A very large value of \(\text{Imp}(x)\) means that we can be confident that the parameter set \(x\) does not provide a good match to the observed data, even factoring in the additional uncertainty that comes with the use of emulators. When \(\text{Imp}(x)\) is small, it could mean that the emulator output is very close to the model output or it could mean that the uncertainty in the denominator of \(\text{Imp}(x)\) is large. In the former case, the emulator retains the parameter set, since it is likely to give a good fit to the observation for that output. In the latter case, the emulator does not have enough information to rule the parameter set out and therefore keeps it to explore it further in the next wave.
An important aspect to consider is the choice of cut-off for the implausibility measure. A rule of thumb follows Pukelsheim’s \(3\sigma\) rule, a very general result which states that for any continuous unimodal distribution \(95\%\) of the probability lies within \(3\) sigma of the mean, regardless of asymmetry (or skewness etc). Following this rule, we set the implausibility threshold to be \(3\): this means that a parameter \(x\) is classified as non-implausible only if its implausibility is below \(3\).

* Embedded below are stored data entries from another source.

(* Let $\vec X=(X_1,\ldots,X_t)\in(\mathcal{H}_m^{\otimes n})^t$ satisfy $\sum_{i=1}^tX_i=\mathrm{id}$, and let $\mathcal{R}(\vec X)=\arg\min\{\|\vec X-\vec P\|'^2_2:\vec P\text{ is a sub-POVM}\}$. Then $$\|\mathcal{R}(\vec X)-\vec X\|'^2_2\le\frac{3(t+1)}{m^n}\sum_{i=1}^t\mathrm{Tr}\,\zeta(X_i)+6\Big(\frac{t}{m^n}\sum_{i=1}^t\mathrm{Tr}\,\zeta(X_i)\Big)^{1/2}.$$
   Context: $\mathcal{H}_m^{\otimes n}$ denotes Hermitian operators on $(\mathbb{C}^m)^{\otimes n}$. A sub-POVM is a tuple $(P_1,\ldots,P_t)$ of positive semidefinite operators with $\sum_iP_i\le\mathrm{id}$. For tuples, $\|\vec Y\|'^2_2=\sum_{i=1}^t\frac1{m^n}\mathrm{Tr}Y_i^\dagger Y_i$. $\zeta:\mathbb{R}\to\mathbb{R}$ is $\zeta(x)=x^2$ for $x\le0$ and $0$ otherwise, applied to Hermitian matrices through the spectral decomposition. *)

theory Defs
  imports "HOL-Analysis.Analysis" "Jordan_Normal_Form.Schur_Decomposition"
begin

text \<open>Operators on (C^m)^{\<otimes>n} are represented as complex d x d matrices, d = m^n.
  A t-tuple of operators is a function nat => complex mat, indices i < t.\<close>

definition mtrace :: "complex mat \<Rightarrow> complex" where
  "mtrace A = (\<Sum>i<dim_row A. A $$ (i,i))"

definition hermitian_mat :: "nat \<Rightarrow> complex mat \<Rightarrow> bool" where
  "hermitian_mat d A \<longleftrightarrow> A \<in> carrier_mat d d \<and> mat_adjoint A = A"

definition psd_mat :: "nat \<Rightarrow> complex mat \<Rightarrow> bool" where
  "psd_mat d A \<longleftrightarrow> hermitian_mat d A \<and>
     (\<forall>v \<in> carrier_vec d. 0 \<le> Re (conjugate v \<bullet> (A *\<^sub>v v)))"

definition unitary_mat :: "nat \<Rightarrow> complex mat \<Rightarrow> bool" where
  "unitary_mat d U \<longleftrightarrow> U \<in> carrier_mat d d \<and> U * mat_adjoint U = 1\<^sub>m d
     \<and> mat_adjoint U * U = 1\<^sub>m d"

definition tuple_sum :: "nat \<Rightarrow> nat \<Rightarrow> (nat \<Rightarrow> complex mat) \<Rightarrow> complex mat" where
  "tuple_sum d t P = Matrix.mat d d (\<lambda>(j,k). \<Sum>i<t. P i $$ (j,k))"

definition sub_POVM :: "nat \<Rightarrow> nat \<Rightarrow> (nat \<Rightarrow> complex mat) \<Rightarrow> bool" where
  "sub_POVM d t P \<longleftrightarrow> (\<forall>i<t. psd_mat d (P i)) \<and> psd_mat d (1\<^sub>m d - tuple_sum d t P)"

definition norm2' :: "nat \<Rightarrow> nat \<Rightarrow> (nat \<Rightarrow> complex mat) \<Rightarrow> real" where
  "norm2' d t Y = (\<Sum>i<t. Re (mtrace (mat_adjoint (Y i) * Y i)) / real d)"

definition zeta :: "real \<Rightarrow> real" where
  "zeta x = (if x \<le> 0 then x\<^sup>2 else 0)"

definition mat_fun :: "nat \<Rightarrow> (real \<Rightarrow> real) \<Rightarrow> complex mat \<Rightarrow> complex mat" where
  "mat_fun d f A = (SOME B. \<exists>U lam. unitary_mat d U \<and>
       A = U * mat_diag d (\<lambda>j. complex_of_real (lam j)) * mat_adjoint U \<and>
       B = U * mat_diag d (\<lambda>j. complex_of_real (f (lam j))) * mat_adjoint U)"

end

(* Split each X i into its positive and negative parts, X i = Y i - N i, so that the squared
   Frobenius norm of N i is tr zeta(X i). Then sum Y i = 1 + N with N = sum N i positive
   semidefinite, and P i = S Y i S with S = (1 + N)^(-1/2) is a POVM. In an eigenbasis of N,
   with eigenvalues mu j and tau j = (1 + mu j)^(-1/2), the entries of Y i - P i are those of
   Y i multiplied by 1 - tau j tau k. In that basis a |-> sum_i sum_jk a j a k |(Y i)jk|^2 is a
   positive semidefinite quadratic form bounded by sum_j a j^2 (1 + mu j)^2, and Cauchy-Schwarz
   for it gives sum_i ||Y i - P i||^2 <= 2 ||N|| (sqrt d + ||N||) for the Frobenius norm.
   Finally ||N||^2 <= t sum_i ||N i||^2, ||X i - P i||^2 <= 3/2 ||Y i - P i||^2 + 3 ||N i||^2,
   and R(X) is at least as close to X as P. *)

theory Submission imports Defs "Jordan_Normal_Form.Spectral_Radius" begin

type_synonym cmat = "complex mat"

section \<open>Adjoints, unitary matrices and the Frobenius norm\<close>

lemma mult_carrier_square [simp]:
  "(A::cmat) \<in> carrier_mat n n \<Longrightarrow> B \<in> carrier_mat n n \<Longrightarrow> A * B \<in> carrier_mat n n"
  by simp

lemma mat_diag_dims [simp]: "dim_row (mat_diag n f) = n" "dim_col (mat_diag n f) = n"
  unfolding mat_diag_def by simp_all

lemma mat_adjoint_dim [simp]:
  "dim_row (mat_adjoint (A::cmat)) = dim_col A" "dim_col (mat_adjoint (A::cmat)) = dim_row A"
  by (simp_all add: mat_adjoint_def mat_of_rows_def)

lemma mat_adjoint_index [simp]:
  "i < dim_col A \<Longrightarrow> j < dim_row A \<Longrightarrow> mat_adjoint (A::cmat) $$ (i,j) = cnj (A $$ (j,i))"
  by (simp add: mat_adjoint_def mat_of_rows_def)

lemma mat_adjoint_carrier [simp]: "(A::cmat) \<in> carrier_mat n m \<Longrightarrow> mat_adjoint A \<in> carrier_mat m n"
  by (intro carrier_matI) (simp_all only: mat_adjoint_dim carrier_matD)

lemma mat_adjoint_adjoint [simp]: "mat_adjoint (mat_adjoint (A::cmat)) = A"
  by (rule eq_matI) simp_all

lemma mat_adjoint_one [simp]: "mat_adjoint (1\<^sub>m n :: cmat) = 1\<^sub>m n"
  by (rule eq_matI) simp_all

lemma mat_adjoint_real_diag [simp]:
  "mat_adjoint (mat_diag n (\<lambda>j. complex_of_real (f j))) = mat_diag n (\<lambda>j. complex_of_real (f j))"
  by (rule eq_matI) (simp_all add: mat_diag_def)

lemma mat_adjoint_mult:
  assumes "(A::cmat) \<in> carrier_mat n k" "B \<in> carrier_mat k m"
  shows "mat_adjoint (A * B) = mat_adjoint B * mat_adjoint A"
  by (rule eq_matI) (use assms in \<open>simp_all add: scalar_prod_def mult.commute\<close>)

lemma mat_adjoint_mult3:
  assumes "(A::cmat) \<in> carrier_mat n n" "B \<in> carrier_mat n n" "C \<in> carrier_mat n n"
  shows "mat_adjoint (A * B * C) = mat_adjoint C * mat_adjoint B * mat_adjoint A"
  using assms by (simp add: mat_adjoint_mult[of _ n n _ n] assoc_mult_mat[of _ n n _ n _ n])

lemma mat_adjoint_add:
  assumes "(A::cmat) \<in> carrier_mat n m" "B \<in> carrier_mat n m"
  shows "mat_adjoint (A + B) = mat_adjoint A + mat_adjoint B"
  by (rule eq_matI) (use assms in simp_all)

For a given emulator, we can plot the implausibility through the function emulator_plot
by setting plot_type='imp'
. Note that we also set cb=TRUE
to ensure that the produced plots are colour blind friendly:
emulator_plot(ems_wave1$R200, plot_type = 'imp',
targets = targets, params = c('beta1', 'gamma'), cb=TRUE)
This is a 2D slice through the input space: for a chosen pair \((\bar\beta_1,\bar\gamma)\), the plot shows the implausibility of the parameter set having \(\beta_1=\bar \beta_1\), \(\gamma=\bar \gamma\) and all other parameters set to their mid-range value. Parameter sets with implausibility more than \(3\) are highly unlikely to give a good fit and will be discarded when forming the parameters sets for the next wave.
Given multiple emulators, we can visualise the implausibility of several emulators at once:
emulator_plot(ems_wave1, plot_type = 'imp',
targets = targets, params = c('beta1', 'gamma'), cb=TRUE)
This plot is useful to get an overall idea of which emulators have higher/lower implausibility, but how do we measure overall implausibility? We want a single measure for the implausibility at a given parameter set, but for each emulator we obtain an individual value for \(I\). The simplest way to combine them is to consider maximum implausibility at each parameter set: \[\text{Imp}_M(x) = \max_{i=1,\dots,N}\text{Imp}_{i}(x),\] where \(\text{Imp}_i(x)\) is the implausibility at \(x\) coming from the \(i\)th emulator. Note that Pukelsheim’s rule applies for each emulator separately, but when we combine several emulators’ implausibilities together a threshold of \(3\) might be overly restrictive. For this reason, for large collections of emulators, it may be useful to replace the maximum implausibility with the second- or third-maximum implausibility. This also provides robustness to the failure of one or two of the emulators.
emulator_plot
and produce a variety of implausibility plots. Here are a few suggestions: set plot_type
to ‘imp’ to get implausibility plots or to ‘nimp’ to display the maximum implausibility plot; use the argument nth
to obtain the second- or third- maximum implausibility plot; select a subset of all targets to pass to emulator_plot
; change the value of the argument fixed_vals
to decide where to slice the parameters that are not shown in the plots.